Assigned task: Return all lines of the data in which the string "forall" occurs.

The data:
lemma mat3_in_GL3O:
  assumes "in_O a" "in_O b" "in_O c" "in_O d" "in_O e" "in_O f" "in_O g" "in_O h" "in_O k"
    and "unit_O (a * (e * k - f * h) - b * (d * k - f * g) + c * (d * h - e * g))"
  shows "mat3 a b c d e f g h k \<in> GL3O"
proof -
  define \<epsilon> where "\<epsilon> = inverse (a * (e * k - f * h) - b * (d * k - f * g) + c * (d * h - e * g))"
  have det_\<epsilon>: "(a * (e * k - f * h) - b * (d * k - f * g) + c * (d * h - e * g)) * \<epsilon> = 1"
    using unit_O_imp_nonzero[OF assms(10)] unfolding \<epsilon>_def by simp
  have "in_O \<epsilon>"
    using in_O_divide_unit[OF in_O_1 assms(10)] unfolding \<epsilon>_def by (simp add: inverse_eq_divide)
  define H where "H = mat3
    ((e * k - f * h) * \<epsilon>) ((c * h - b * k) * \<epsilon>) ((b * f - c * e) * \<epsilon>)
    ((f * g - d * k) * \<epsilon>) ((a * k - c * g) * \<epsilon>) ((c * d - a * f) * \<epsilon>)
    ((d * h - e * g) * \<epsilon>) ((b * g - a * h) * \<epsilon>) ((a * e - b * d) * \<epsilon>)"
  have "O_entries H"
    using assms(1-9) \<open>in_O \<epsilon>\<close> unfolding H_def by (simp add: in_O_mult in_O_diff)
  moreover have "mat3 a b c d e f g h k * H = 1\<^sub>m 3" "H * mat3 a b c d e f g h k = 1\<^sub>m 3"
    unfolding H_def mat3_mult one_mat_3 mat3_eq_iff
    by (intro conjI; ((rule trans[OF _ det_\<epsilon>], simp add: algebra_simps) | simp add: algebra_simps))+
  ultimately show ?thesis
    using assms(1-9) unfolding GL3O_iff by (intro conjI exI[of _ H]) (auto simp: H_def)
qed

lemma GL3O_mult:
  assumes "G \<in> GL3O" "G' \<in> GL3O"
  shows "G * G' \<in> GL3O"
proof -
  obtain H where G: "G \<in> carrier_mat 3 3" "O_entries G"
    and H: "H \<in> carrier_mat 3 3" "O_entries H" "G * H = 1\<^sub>m 3" "H * G = 1\<^sub>m 3"
    using assms(1) unfolding GL3O_iff by auto
  obtain H' where G': "G' \<in> carrier_mat 3 3" "O_entries G'"
    and H': "H' \<in> carrier_mat 3 3" "O_entries H'" "G' * H' = 1\<^sub>m 3" "H' * G' = 1\<^sub>m 3"
    using assms(2) unfolding GL3O_iff by auto
  have "G * G' * (H' * H) = G * (G' * H') * H"
    using G(1) G'(1) H(1) H'(1) by (simp add: mult_assoc_3)
  moreover have "H' * H * (G * G') = H' * (H * G) * G'"
    using G(1) G'(1) H(1) H'(1) by (simp add: mult_assoc_3)
  ultimately have "G * G' * (H' * H) = 1\<^sub>m 3" "H' * H * (G * G') = 1\<^sub>m 3"
    using G G' H H' by simp_all
  then show ?thesis
    unfolding GL3O_iff using G G' H H' by (intro conjI exI[of _ "H' * H"] O_entries_mult) auto
qed

lemma Diag3K_iff: "D \<in> Diag3K \<longleftrightarrow> (\<exists>x y z. x \<noteq> 0 \<and> y \<noteq> 0 \<and> z \<noteq> 0 \<and> D = mat3 x 0 0 0 y 0 0 0 z)"
proof
  assume D: "D \<in> Diag3K"
  then have "D = mat3 (D $$ (0, 0)) 0 0 0 (D $$ (1, 1)) 0 0 0 (D $$ (2, 2))"
    unfolding Diag3K_def by (intro eq_matI) (auto simp: less_3_cases index_mat3)
  moreover have "D $$ (0, 0) \<noteq> 0" "D $$ (1, 1) \<noteq> 0" "D $$ (2, 2) \<noteq> 0"
    using D unfolding Diag3K_def by auto
  ultimately show "\<exists>x y z. x \<noteq> 0 \<and> y \<noteq> 0 \<and> z \<noteq> 0 \<and> D = mat3 x 0 0 0 y 0 0 0 z"
    by blast
next
  assume "\<exists>x y z. x \<noteq> 0 \<and> y \<noteq> 0 \<and> z \<noteq> 0 \<and> D = mat3 x 0 0 0 y 0 0 0 z"
  then show "D \<in> Diag3K"
    unfolding Diag3K_def less_3_cases by (auto simp: index_mat3)
qed

lemma mat3_diag_in_Diag3K: "x \<noteq> 0 \<Longrightarrow> y \<noteq> 0 \<Longrightarrow> z \<noteq> 0 \<Longrightarrow> mat3 x 0 0 0 y 0 0 0 z \<in> Diag3K"
  unfolding Diag3K_iff by blast

lemma Diag3K_mult: "D \<in> Diag3K \<Longrightarrow> D' \<in> Diag3K \<Longrightarrow> D * D' \<in> Diag3K"
  unfolding Diag3K_iff by (auto simp: mat3_mult mat3_eq_iff)

lemma same_dcoset_trans:
  assumes "A \<in> carrier_mat 3 3" "same_dcoset A B" "same_dcoset B C"
  shows "same_dcoset A C"
proof -
  obtain G D where GD: "G \<in> GL3O" "D \<in> Diag3K" "B = G * A * D"
    using assms(2) unfolding same_dcoset_def by auto
  obtain G' D' where GD': "G' \<in> GL3O" "D' \<in> Diag3K" "C = G' * B * D'"
    using assms(3) unfolding same_dcoset_def by auto
  have "G \<in> carrier_mat 3 3" "G' \<in> carrier_mat 3 3" "D \<in> carrier_mat 3 3" "D' \<in> carrier_mat 3 3"
    using GD GD' by (simp_all add: GL3O_carrier Diag3K_def)
  then have "C = (G' * G) * A * (D * D')"
    using GD(3) GD'(3) assms(1) by (simp add: mult_assoc_3)
  then show ?thesis
    unfolding same_dcoset_def using GD GD' GL3O_mult Diag3K_mult by blast
qed

lemma one_in_Diag3K: "1\<^sub>m 3 \<in> Diag3K"
  unfolding one_mat_3 by (simp add: mat3_diag_in_Diag3K)

lemma same_dcoset_mult_left: "A \<in> carrier_mat 3 3 \<Longrightarrow> G \<in> GL3O \<Longrightarrow> same_dcoset A (G * A)"
  unfolding same_dcoset_def using one_in_Diag3K
  by (intro exI[of _ G] exI[of _ "1\<^sub>m 3"]) (simp add: GL3O_carrier)
lemma ordb_eq_0:
  assumes "\<not> b dvd z"
  shows "ordb b z = 0"
proof -
  have "z \<noteq> 0" "\<not> is_unit b"
    using assms by (auto simp: unit_imp_dvd)
  then show ?thesis
    using assms by (simp add: ordb_eq_multiplicity not_dvd_imp_multiplicity_0 zero_enat_def)
qed

lemma ordb_mult_self:
  assumes "b \<noteq> 0" "\<not> is_unit b"
  shows "ordb b (b * z) = eSuc (ordb b z)"
proof (cases "z = 0")
  case False
  then show ?thesis
    using assms by (simp add: ordb_eq_multiplicity multiplicity_times_same eSuc_enat)
qed (simp add: ordb_def)

definition ordsum :: "int \<Rightarrow> int list \<Rightarrow> int \<Rightarrow> enat" where
  "ordsum b ys x = (\<Sum>y\<leftarrow>ys. ordb b (x - y))"

lemma ordsum_Nil [simp]: "ordsum b [] x = 0"
  by (simp add: ordsum_def)

lemma ordsum_append: "ordsum b (xs @ ys) x = ordsum b xs x + ordsum b ys x"
  by (simp add: ordsum_def)

lemma ordsum_map_upt: "ordsum b (map a [0..<k]) x = (\<Sum>j<k. ordb b (x - a j))"
  by (induction k) (simp_all add: ordsum_def add.commute)

lemma ordsum_filter_residue: "ordsum b [y\<leftarrow>ys. y mod b = x mod b] x = ordsum b ys x"
  unfolding ordsum_def
  by (induction ys) (auto simp: ordb_eq_0 mod_eq_dvd_iff dvd_diff_commute)

inductive b_ordered :: "int set \<Rightarrow> int \<Rightarrow> int list \<Rightarrow> bool" for S b where
  Nil: "b_ordered S b []"
| snoc: "b_ordered S b xs \<Longrightarrow> x \<in> S \<Longrightarrow> (\<forall>y\<in>S. ordsum b xs x \<le> ordsum b xs y)
         \<Longrightarrow> b_ordered S b (xs @ [x])"

lemma b_ordered_snoc_iff:
  "b_ordered S b (xs @ [x]) \<longleftrightarrow>
     b_ordered S b xs \<and> x \<in> S \<and> (\<forall>y\<in>S. ordsum b xs x \<le> ordsum b xs y)"
  by (auto elim: b_ordered.cases intro: b_ordered.snoc)

lemma b_ordered_appendD: "b_ordered S b (xs @ ys) \<Longrightarrow> b_ordered S b xs"
  by (induction ys rule: rev_induct) (auto simp: b_ordered_snoc_iff simp flip: append_assoc)

lemma b_ordered_set_subset: "b_ordered S b xs \<Longrightarrow> set xs \<subseteq> S"
  by (induction rule: b_ordered.induct) auto

lemma b_ordered_value_mono:
  assumes "b_ordered S b (xs @ [x])" "prefix (us @ [u]) (xs @ [x])"
  shows "ordsum b us u \<le> ordsum b xs x"
  using assms
proof (induction xs arbitrary: x rule: rev_induct)
  case (snoc x' xs)
  have ord: "b_ordered S b (xs @ [x'])" "x \<in> S"
    using snoc.prems(1) b_ordered_snoc_iff[of S b "xs @ [x']" x] by auto
  show ?case
  proof (cases "us @ [u] = xs @ [x', x]")
    case False
    then have "prefix (us @ [u]) (xs @ [x'])"
      using snoc.prems(2) by (auto simp: prefix_snoc simp flip: append_assoc)
    then have "ordsum b us u \<le> ordsum b xs x'"
      by (rule snoc.IH[OF ord(1)])
    also have "\<dots> \<le> ordsum b xs x"
      using ord by (simp add: b_ordered_snoc_iff)
    also have "\<dots> \<le> ordsum b (xs @ [x']) x"
      by (simp add: ordsum_append)
    finally show ?thesis .
  qed simp
qed (auto simp: prefix_Cons)

lemma b_ordered_filter_residue:
  "b_ordered S b xs \<Longrightarrow> b_ordered {x\<in>S. x mod b = r} b [x\<leftarrow>xs. x mod b = r]"
proof (induction rule: b_ordered.induct)
  case (snoc xs x)
  then show ?case
    by (auto intro!: b_ordered.snoc simp flip: ordsum_filter_residue[where ys = xs])
qed (simp add: b_ordered.Nil)

lemma b_ordering_value_le:
  assumes "b_ordering S b a" "x \<in> S"
  shows "ordsum b (map a [0..<k]) (a k) \<le> ordsum b (map a [0..<k]) x"
  unfolding ordsum_map_upt using assms by (cases "k = 0") (auto simp: b_ordering_def)

lemma b_ordering_iff_b_ordered_prefixes:
  "b_ordering S b a \<longleftrightarrow> (\<forall>n. b_ordered S b (map a [0..<n]))"
proof
  assume a: "b_ordering S b a"
  show "\<forall>n. b_ordered S b (map a [0..<n])"
  proof
    fix n
    show "b_ordered S b (map a [0..<n])"
      using a b_ordering_value_le[OF a]
      by (induction n) (auto simp: b_ordering_def b_ordered_snoc_iff b_ordered.Nil)
  qed
next
  assume "\<forall>n. b_ordered S b (map a [0..<n])"
  then have "b_ordered S b (map a [0..<Suc n])" for n
    by blast
  then show "b_ordering S b a"
    by (auto simp: b_ordering_def b_ordered_snoc_iff ordsum_map_upt)
qed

Answer box:
| snoc: "b_ordered S b xs \<Longrightarrow> x \<in> S \<Longrightarrow> (\<forall>y\<in>S. ordsum b xs x \<le> ordsum b xs y)
     b_ordered S b xs \<and> x \<in> S \<and> (\<forall>y\<in>S. ordsum b xs x \<le> ordsum b xs y)"
  "b_ordering S b a \<longleftrightarrow> (\<forall>n. b_ordered S b (map a [0..<n]))"
  show "\<forall>n. b_ordered S b (map a [0..<n])"
  assume "\<forall>n. b_ordered S b (map a [0..<n])"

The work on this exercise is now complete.